(Records excerpted from a collection)
(* Let $H$ be an abelian subgroup of $\operatorname{Sym}_n$ such that $(1,2,\dots,n)\notin H$, and let $S=S_n(H)$. (i) If $H_n=\{\mathrm{id}\}$ and $w\in\mathrm{FM}_n$ is such that $\pi(wx_ix_j)\in Sz$ for some $1\leq i,j\leq n$, then $x_ix_j\in A$. (ii) If $H_1=\{\mathrm{id}\}$ and $v\in\mathrm{FM}_n$ is such that $\pi(x_ix_jv)\in zS$ for some $1\leq i,j\leq n$, then $x_ix_j\in\tilde A$.
   Context: $S_n(H)$ is the monoid with presentation $\langle a_1,\dots,a_n \mid a_1\cdots a_n = a_{\sigma(1)}\cdots a_{\sigma(n)},\ \sigma\in H\rangle$, and $z=a_1a_2\cdots a_n\in S$. $\mathrm{FM}_n=\langle x_1,\dots,x_n\rangle$ is the free monoid of rank $n$ and $\pi:\mathrm{FM}_n\to S$ is the monoid morphism with $\pi(x_i)=a_i$. $H_i=\{\sigma\in H\mid\sigma(i)=i\}$. $A=\{x_{\sigma(n-1)}x_{\sigma(n)}\mid\sigma\in H\}$ and $\tilde A=\{x_{\sigma(1)}x_{\sigma(2)}\mid\sigma\in H\}$, subsets of $\mathrm{FM}_n$. *)

theory Defs
  imports "HOL-Algebra.Sym_Groups"
begin

text \<open>Words of the free monoid FM_n are lists over the alphabet {1..n};
  the letter i stands for the generator x_i.\<close>

definition zword :: "nat \<Rightarrow> nat list" where
  "zword n = [1..<Suc n]"

definition perm_word :: "nat \<Rightarrow> (nat \<Rightarrow> nat) \<Rightarrow> nat list" where
  "perm_word n \<sigma> = map \<sigma> [1..<Suc n]"

text \<open>The congruence on words generated by the defining relations of S_n(H):
  pi(u) = pi(v) iff Sn_eq n H u v.\<close>
inductive Sn_eq :: "nat \<Rightarrow> (nat \<Rightarrow> nat) set \<Rightarrow> nat list \<Rightarrow> nat list \<Rightarrow> bool"
  for n :: nat and H :: "(nat \<Rightarrow> nat) set" where
  rel: "\<sigma> \<in> H \<Longrightarrow> Sn_eq n H (u @ zword n @ v) (u @ perm_word n \<sigma> @ v)"
| refl: "Sn_eq n H u u"
| sym: "Sn_eq n H u v \<Longrightarrow> Sn_eq n H v u"
| trans: "Sn_eq n H u v \<Longrightarrow> Sn_eq n H v w \<Longrightarrow> Sn_eq n H u w"

definition FM :: "nat \<Rightarrow> nat list set" where
  "FM n = {w. set w \<subseteq> {1..n}}"

definition in_Sz :: "nat \<Rightarrow> (nat \<Rightarrow> nat) set \<Rightarrow> nat list \<Rightarrow> bool" where
  "in_Sz n H w \<longleftrightarrow> (\<exists>u \<in> FM n. Sn_eq n H w (u @ zword n))"

definition in_zS :: "nat \<Rightarrow> (nat \<Rightarrow> nat) set \<Rightarrow> nat list \<Rightarrow> bool" where
  "in_zS n H w \<longleftrightarrow> (\<exists>u \<in> FM n. Sn_eq n H w (zword n @ u))"

definition long_cycle :: "nat \<Rightarrow> nat \<Rightarrow> nat" where
  "long_cycle n i = (if 1 \<le> i \<and> i < n then i + 1 else if i = n then 1 else i)"

definition stab :: "(nat \<Rightarrow> nat) set \<Rightarrow> nat \<Rightarrow> (nat \<Rightarrow> nat) set" where
  "stab H i = {\<sigma> \<in> H. \<sigma> i = i}"

definition setA :: "nat \<Rightarrow> (nat \<Rightarrow> nat) set \<Rightarrow> nat list set" where
  "setA n H = {[\<sigma> (n - 1), \<sigma> n] | \<sigma>. \<sigma> \<in> H}"

definition setA_tilde :: "(nat \<Rightarrow> nat) set \<Rightarrow> nat list set" where
  "setA_tilde H = {[\<sigma> 1, \<sigma> 2] | \<sigma>. \<sigma> \<in> H}"

end

theory Submission
  imports Defs
begin

text \<open>Read a word W over {1..n} through its orbit word, the sequence of H-orbits of the pairs of
  adjacent letters of W. Every factor x_\<sigma>(1) ... x_\<sigma>(n) with \<sigma> \<in> H spells the same pattern
  P = O(1,2) ... O(n-1,n), and a defining relation changes the orbit word only at the two positions
  flanking such an occurrence of P. As H is abelian and does not contain the long cycle, P is not
  constant. The invariant is: the last two letters form a pair in A, and the orbit word does not
  end with an occurrence of P followed by a chain of blocks, each spelling a proper suffix of P whose
  length plus one is a period of P. Every word u z satisfies it, and a Fine-Wilf type argument on
  the periods of P shows that the defining relations preserve it; this proves (i). Part (ii) is
  part (i) for mirrored words, with letters i replaced by n + 1 - i and H conjugated accordingly.\<close>

text \<open>Euclid's algorithm on the two periods, as in the proof of the Fine-Wilf theorem.\<close>
lemma two_periods_endpoint:
  fixes w :: "nat \<Rightarrow> 'a"
  assumes "1 \<le> g" "1 \<le> k"
    and "\<forall>s<k. w s = w (s + g)"
    and "\<forall>s. 1 \<le> s \<longrightarrow> s < g \<longrightarrow> w s = w (s + k)"
  shows "w 0 = w k"
  using assms
proof (induction "g + k" arbitrary: g k rule: less_induct)
  case less
  consider "k = g" | "k < g" | "g < k" by linarith
  then show ?case
  proof cases
    case 1
    then show ?thesis using less.prems(2,3) by auto
  next
    case 2
    have "\<forall>s<k. w s = w (s + (g - k))"
    proof (intro allI impI)
      fix s assume "s < k"
      have "w (s + (g - k)) = w (s + (g - k) + k)" using less.prems(4) 2 \<open>s < k\<close> by auto
      also have "\<dots> = w s" using less.prems(3) 2 \<open>s < k\<close> by simp
      finally show "w s = w (s + (g - k))" by simp
    qed
    moreover have "\<forall>s. 1 \<le> s \<longrightarrow> s < g - k \<longrightarrow> w s = w (s + k)" using less.prems(4) by auto
    ultimately show ?thesis using less.hyps[of "g - k" k] 2 less.prems(2) by simp
  next
    case 3
    have "\<forall>s<k - g. w s = w (s + g)" using less.prems(3) by auto
    moreover have "\<forall>s. 1 \<le> s \<longrightarrow> s < g \<longrightarrow> w s = w (s + (k - g))"
    proof (intro allI impI)
      fix s assume "1 \<le> s" "s < g"
      have "w (s + (k - g)) = w (s + (k - g) + g)" using less.prems(3) \<open>s < g\<close> 3 by auto
      also have "\<dots> = w s" using less.prems(4) \<open>1 \<le> s\<close> \<open>s < g\<close> 3 by simp
      finally show "w s = w (s + (k - g))" by simp
    qed
    ultimately have "w 0 = w (k - g)" using less.hyps[of g "k - g"] 3 less.prems(1) by simp
    also have "\<dots> = w k" using less.prems(3)[rule_format, of "k - g"] 3 less.prems(1) by simp
    finally show ?thesis .
  qed
qed
(* Let designer $j$ have a participation objective with threshold $\theta_j\in[0,1]$ and budget $T_j>0$, and fix arbitrary prize structures for the other designers. Then the maximum of $\hat R_j(x_{\vec w_j},x_{-j}^{-1},\theta_j)$ over feasible prize structures $\vec w_j$ is attained by a simple contest $\vec w_j^{(k^*,T_j)}$ for some $k^*\in[n]$. Moreover, letting $\phi^*:=\Phi_j^*(\theta_j;x_{\vec w_j^{(k^*,T_j)}},x_{-j}^{-1})$, this $k^*$ satisfies $k^*\in\arg\max_{k\in[n]}\xi_k(\phi^* )$.
   Context: Model. There are $m\ge1$ contests/designers with budgets $T_j$, and $n\ge2$ contestants. Prize structures. A feasible prize structure is $\vec w_j$ with $w_{j,1}\ge\dots\ge w_{j,n}\ge0$ and $\sum_kw_{j,k}\le T_j$. Contestants. Contestant quantiles $q_i$ are i.i.d. $U[0,1]$ with skill $v(q_i)$, where $v$ is strictly decreasing. Contestants choose a contest and an effort; they are ranked by effort within the contest, the rank-$k$ participant gets $w_{j,k}$, and utility is skill times prize minus effort. Interim allocation function. $x_{\vec w_j}(\phi)=x_j(\phi)=\sum_kw_{j,k}\binom{n-1}{k-1}\phi^{k-1}(1-\phi)^{n-k}$. Inverse notation. $x_j^{-1}(y):=\max\{\phi\in[0,1]:x_j(\phi)\ge y\}$ (and $0$ if $x_j(0)<y$); $x_{-j}^{-1}:=\sum_{j'\ne j}x_{j'}^{-1}$; $Q:=x_j^{-1}+x_{-j}^{-1}$; $Q^{-1}(q):=\sup\{y:Q(y)\ge q\}$. Selected equilibrium participation. $\Phi_j^*(q;x_j,x_{-j}^{-1})$ is the probability that a contestant has quantile $\le q$ and enters contest $j$. - It equals $x_j^{-1}(Q^{-1}(q))$ when $x_j$ is strictly decreasing. - When several contests have identical constant interim allocation functions with the maximal constant value, participants are divided equally among them. Precisely: if $M_1^*$ is that set, $x^*$ the common value, and $q^*=\min\{1,\sum_{j'\text{ strictly decreasing}}x_{j'}^{-1}(x^* )\}$, then each $j\in M_1^*$ has $\Phi_j^*(q)=\max\{0,q-q^*\}/|M_1^*|$. - Constant contests with smaller value get $\Phi_j^*\equiv0$. Participation objective. $\hat R_j(x_j,x_{-j}^{-1},\theta_j)=n\,\Phi_j^*(\theta_j;x_j,x_{-j}^{-1})$, the expected number of participants in contest $j$ with quantile $\le\theta_j$. Simple contests. $\vec w_j^{(k,T)}$ gives $T/k$ to each of ranks $1,\dots,k$ and $0$ to the rest. $\xi_k(\phi):=x_{\vec w^{(k,1)}}(\phi)=\frac1k\sum_{l=1}^k\binom{n-1}{l-1}\phi^{l-1}(1-\phi)^{n-l}$. *)

theory Defs
  imports "HOL-Analysis.Analysis" "HOL-Library.Extended_Real"
begin

text \<open>Prize structures are functions w :: nat => real; only ranks 1..n matter.\<close>

definition feasible :: "nat \<Rightarrow> real \<Rightarrow> (nat \<Rightarrow> real) \<Rightarrow> bool" where
  "feasible n T w \<longleftrightarrow> (\<forall>k\<in>{1..<n}. w (Suc k) \<le> w k) \<and> w n \<ge> 0 \<and> (\<Sum>k=1..n. w k) \<le> T"

definition interim :: "nat \<Rightarrow> (nat \<Rightarrow> real) \<Rightarrow> real \<Rightarrow> real" where
  "interim n w \<phi> = (\<Sum>k=1..n. w k * real ((n - 1) choose (k - 1)) * \<phi> ^ (k - 1) * (1 - \<phi>) ^ (n - k))"

text \<open>The argument is taken in the extended reals so that Q^{-1}(q) = +infinity/-infinity
  (unbounded / empty sup) is handled by the same formula.\<close>
definition xinv :: "(real \<Rightarrow> real) \<Rightarrow> ereal \<Rightarrow> real" where
  "xinv x y = (if ereal (x 0) < y then 0
               else (GREATEST \<phi>. \<phi> \<in> {0..1} \<and> y \<le> ereal (x \<phi>)))"

definition Qfun :: "nat \<Rightarrow> (nat \<Rightarrow> real \<Rightarrow> real) \<Rightarrow> real \<Rightarrow> real" where
  "Qfun m xs y = (\<Sum>j'<m. xinv (xs j') (ereal y))"

definition Qinv :: "nat \<Rightarrow> (nat \<Rightarrow> real \<Rightarrow> real) \<Rightarrow> real \<Rightarrow> ereal" where
  "Qinv m xs q = Sup {ereal y | y. q \<le> Qfun m xs y}"

definition strictly_decr :: "(real \<Rightarrow> real) \<Rightarrow> bool" where
  "strictly_decr x \<longleftrightarrow> (\<forall>a b. 0 \<le> a \<and> a < b \<and> b \<le> 1 \<longrightarrow> x b < x a)"

definition const_on01 :: "(real \<Rightarrow> real) \<Rightarrow> bool" where
  "const_on01 x \<longleftrightarrow> (\<forall>\<phi>\<in>{0..1}. x \<phi> = x 0)"

text \<open>Contests are indexed by 0..<m,
  ws j' is the prize structure of contest j'.  (For feasible prize structures the
  interim allocation is either strictly decreasing or constant on [0,1], so the final
  else-branch is never used.)\<close>
definition Phi_star :: "nat \<Rightarrow> nat \<Rightarrow> (nat \<Rightarrow> nat \<Rightarrow> real) \<Rightarrow> nat \<Rightarrow> real \<Rightarrow> real" where
  "Phi_star n m ws j q =
    (let xs = (\<lambda>j'. interim n (ws j'));
         C = {j'. j' < m \<and> const_on01 (xs j')};
         xstar = Max ((\<lambda>j'. xs j' 0) ` C);
         M1 = {j'\<in>C. xs j' 0 = xstar};
         qstar = min 1 (\<Sum>j'\<in>{j'. j' < m \<and> strictly_decr (xs j')}. xinv (xs j') (ereal xstar))
     in if strictly_decr (xs j) then xinv (xs j) (Qinv m xs q)
        else if const_on01 (xs j) then
          (if j \<in> M1 then max 0 (q - qstar) / real (card M1) else 0)
        else 0)"

definition R_hat :: "nat \<Rightarrow> nat \<Rightarrow> (nat \<Rightarrow> nat \<Rightarrow> real) \<Rightarrow> nat \<Rightarrow> real \<Rightarrow> real" where
  "R_hat n m ws j \<theta> = real n * Phi_star n m ws j \<theta>"

definition simple :: "nat \<Rightarrow> real \<Rightarrow> nat \<Rightarrow> real" where
  "simple k T = (\<lambda>l. if 1 \<le> l \<and> l \<le> k then T / real k else 0)"

definition xi :: "nat \<Rightarrow> nat \<Rightarrow> real \<Rightarrow> real" where
  "xi n k \<phi> = (1 / real k) * (\<Sum>l=1..k. real ((n - 1) choose (l - 1)) * \<phi> ^ (l - 1) * (1 - \<phi>) ^ (n - l))"

end

theory Submission
  imports Defs
begin

text \<open>Summation by parts against the partial sums of the Bernstein basis of degree \<open>n - 1\<close>
  writes a feasible interim allocation as a nonnegative combination of the allocations
  \<open>T \<xi>\<^sub>k\<close> of the simple contests with total weight at most one, so it lies pointwise below
  the envelope \<open>max\<^sub>k T \<xi>\<^sub>k\<close>. For a strictly decreasing allocation \<open>x\<close> one has
  \<open>\<phi> \<le> \<Phi>\<^sup>*\<close> iff \<open>\<psi> + x\<^sub>-\<^sub>j\<^sup>-\<^sup>1(x \<psi>) < \<theta>\<close> for all \<open>\<psi> < \<phi>\<close>; applying this criterion to the envelope
  defines a level \<open>\<phi>\<^sup>*\<close> that no feasible contest exceeds (constant allocations are treated
  directly). Conversely the simple contest maximising \<open>\<xi>\<^sub>k(\<phi>\<^sup>*)\<close> dominates the envelope just
  to the left of \<open>\<phi>\<^sup>*\<close> by continuity, and so attains \<open>\<phi>\<^sup>*\<close>.\<close>

lemma finite_ex_arg_max:
  fixes f :: "'a \<Rightarrow> 'b::linorder"
  assumes "finite A" "A \<noteq> {}"
  shows "\<exists>x\<in>A. \<forall>y\<in>A. f y \<le> f x"
  using Max_in[of "f ` A"] Max_ge[of "f ` A"] assms by fastforce

lemma summation_by_parts:
  fixes a b :: "nat \<Rightarrow> real"
  shows "(\<Sum>l=1..N. a l * b l) = (\<Sum>k=1..<N. (a k - a (Suc k)) * (\<Sum>l=1..k. b l)) + a N * (\<Sum>l=1..N. b l)"
proof (induction N)
  case (Suc N)
  then show ?case
    by (cases "N = 0") (simp_all add: algebra_simps)
qed simp

section \<open>Partial sums of Bernstein polynomials\<close>

definition Bernstein_sum :: "nat \<Rightarrow> nat \<Rightarrow> real \<Rightarrow> real" where
  "Bernstein_sum N k x = (\<Sum>i<k. Bernstein N i x)"

lemma Bernstein_sum_Suc: "Bernstein_sum N (Suc k) x = Bernstein_sum N k x + Bernstein N k x"
  by (simp add: Bernstein_sum_def)

lemma Bernstein_sum_full: "Bernstein_sum N (Suc N) x = 1"
  by (simp add: Bernstein_sum_def lessThan_Suc_atMost)

lemma Bernstein_sum_self: "Bernstein_sum N N x = 1 - x ^ N"
  using Bernstein_sum_full[of N x] by (simp add: Bernstein_sum_Suc Bernstein_def)

lemma Bernstein_sum_nonneg: "0 \<le> x \<Longrightarrow> x \<le> 1 \<Longrightarrow> 0 \<le> Bernstein_sum N k x"
  unfolding Bernstein_sum_def by (intro sum_nonneg Bernstein_nonneg)

lemma Bernstein_sum_at_1: "k \<le> N \<Longrightarrow> Bernstein_sum N k 1 = 0"
  unfolding Bernstein_sum_def Bernstein_def by (intro sum.neutral) auto

lemma continuous_on_Bernstein_sum: "continuous_on A (Bernstein_sum N k)"
  unfolding Bernstein_sum_def Bernstein_def by (intro continuous_intros)

lemma has_real_derivative_Bernstein_Suc:
  assumes "k < M"
  shows "(Bernstein (Suc M) (Suc k) has_real_derivative
           real (Suc M) * (Bernstein M k x - Bernstein M (Suc k) x)) (at x)"
proof -
  define r where "r = M - Suc k"
  have r: "M - k = Suc r" "M - Suc k = r" using assms by (simp_all add: r_def Suc_diff_Suc)
  define C where "C = real (Suc M choose Suc k)"
  have up: "C * real (Suc k) = real (Suc M) * real (M choose k)"
    unfolding C_def using Suc_times_binomial_eq[of M k] by (metis of_nat_mult)
  have down: "C * real (Suc r) = real (Suc M) * real (M choose Suc k)"
    unfolding C_def using binomial_absorb_comp[of "Suc M" "Suc k"] r
    by (metis diff_Suc_Suc mult.commute of_nat_mult diff_Suc_1)
  have "((\<lambda>x. C * x ^ Suc k * (1 - x) ^ Suc r) has_real_derivative
          C * (real (Suc k) * x ^ k * (1 - x) ^ Suc r - x ^ Suc k * (real (Suc r) * (1 - x) ^ r))) (at x)"
    by (rule derivative_eq_intros refl | simp)+ (simp add: algebra_simps)
  also have "C * (real (Suc k) * x ^ k * (1 - x) ^ Suc r - x ^ Suc k * (real (Suc r) * (1 - x) ^ r))
    = (C * real (Suc k)) * x ^ k * (1 - x) ^ Suc r - (C * real (Suc r)) * x ^ Suc k * (1 - x) ^ r"
    by (simp only: right_diff_distrib mult_ac)
  also have "\<dots> = real (Suc M) * (Bernstein M k x - Bernstein M (Suc k) x)"
    unfolding up down Bernstein_def r by (simp only: right_diff_distrib mult_ac)
  finally show ?thesis
    unfolding Bernstein_def C_def diff_Suc_Suc r(1) .
qed

lemma has_real_derivative_Bernstein_sum:
  assumes "k \<le> M"
  shows "(Bernstein_sum (Suc M) (Suc k) has_real_derivative - (real (Suc M) * Bernstein M k x)) (at x)"
  using assms
proof (induction k)
  case 0
  have "Bernstein_sum (Suc M) (Suc 0) = (\<lambda>x. (1 - x) ^ Suc M)"
    by (simp add: fun_eq_iff Bernstein_sum_def Bernstein_def)
  moreover have "((\<lambda>x. (1 - x) ^ Suc M) has_real_derivative - (real (Suc M) * (1 - x) ^ M)) (at x)"
    by (rule derivative_eq_intros refl)+ simp
  ultimately show ?case by (simp add: Bernstein_def)
next
  case (Suc k)
  have "Bernstein_sum (Suc M) (Suc (Suc k)) = (\<lambda>x. Bernstein_sum (Suc M) (Suc k) x + Bernstein (Suc M) (Suc k) x)"
    by (simp add: fun_eq_iff Bernstein_sum_Suc)
  moreover have "((\<lambda>x. Bernstein_sum (Suc M) (Suc k) x + Bernstein (Suc M) (Suc k) x) has_real_derivative
      - (real (Suc M) * Bernstein M k x) + real (Suc M) * (Bernstein M k x - Bernstein M (Suc k) x)) (at x)"
    using Suc by (intro DERIV_add has_real_derivative_Bernstein_Suc) auto
  ultimately show ?case by (simp add: algebra_simps)
qed

lemma Bernstein_sum_strict_antimono:
  assumes "1 \<le> k" "k \<le> N" "0 \<le> a" "a < b" "b \<le> 1"
  shows "Bernstein_sum N k b < Bernstein_sum N k a"
proof -
  obtain M k' where N: "N = Suc M" and k: "k = Suc k'" and "k' \<le> M"
    using assms(1,2) by (metis Suc_le_D Suc_le_mono One_nat_def)
  show ?thesis
  proof (rule DERIV_neg_imp_decreasing_open[OF \<open>a < b\<close>])
    fix x assume "a < x" "x < b"
    then have "0 < real (Suc M) * Bernstein M k' x"
      using assms \<open>k' \<le> M\<close> by (intro mult_pos_pos Bernstein_pos) auto
    then show "\<exists>y. (Bernstein_sum N k has_real_derivative y) (at x) \<and> y < 0"
      unfolding N k using has_real_derivative_Bernstein_sum[OF \<open>k' \<le> M\<close>] by (intro exI conjI) auto
  qed (rule continuous_on_Bernstein_sum)
qed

> [WHAT YOU HAVE TO DO]: The answer must consist of every line from the entries above that contains "stab".

> [EXERCISE OUTPUT]:
definition stab :: "(nat \<Rightarrow> nat) set \<Rightarrow> nat \<Rightarrow> (nat \<Rightarrow> nat) set" where
  "stab H i = {\<sigma> \<in> H. \<sigma> i = i}"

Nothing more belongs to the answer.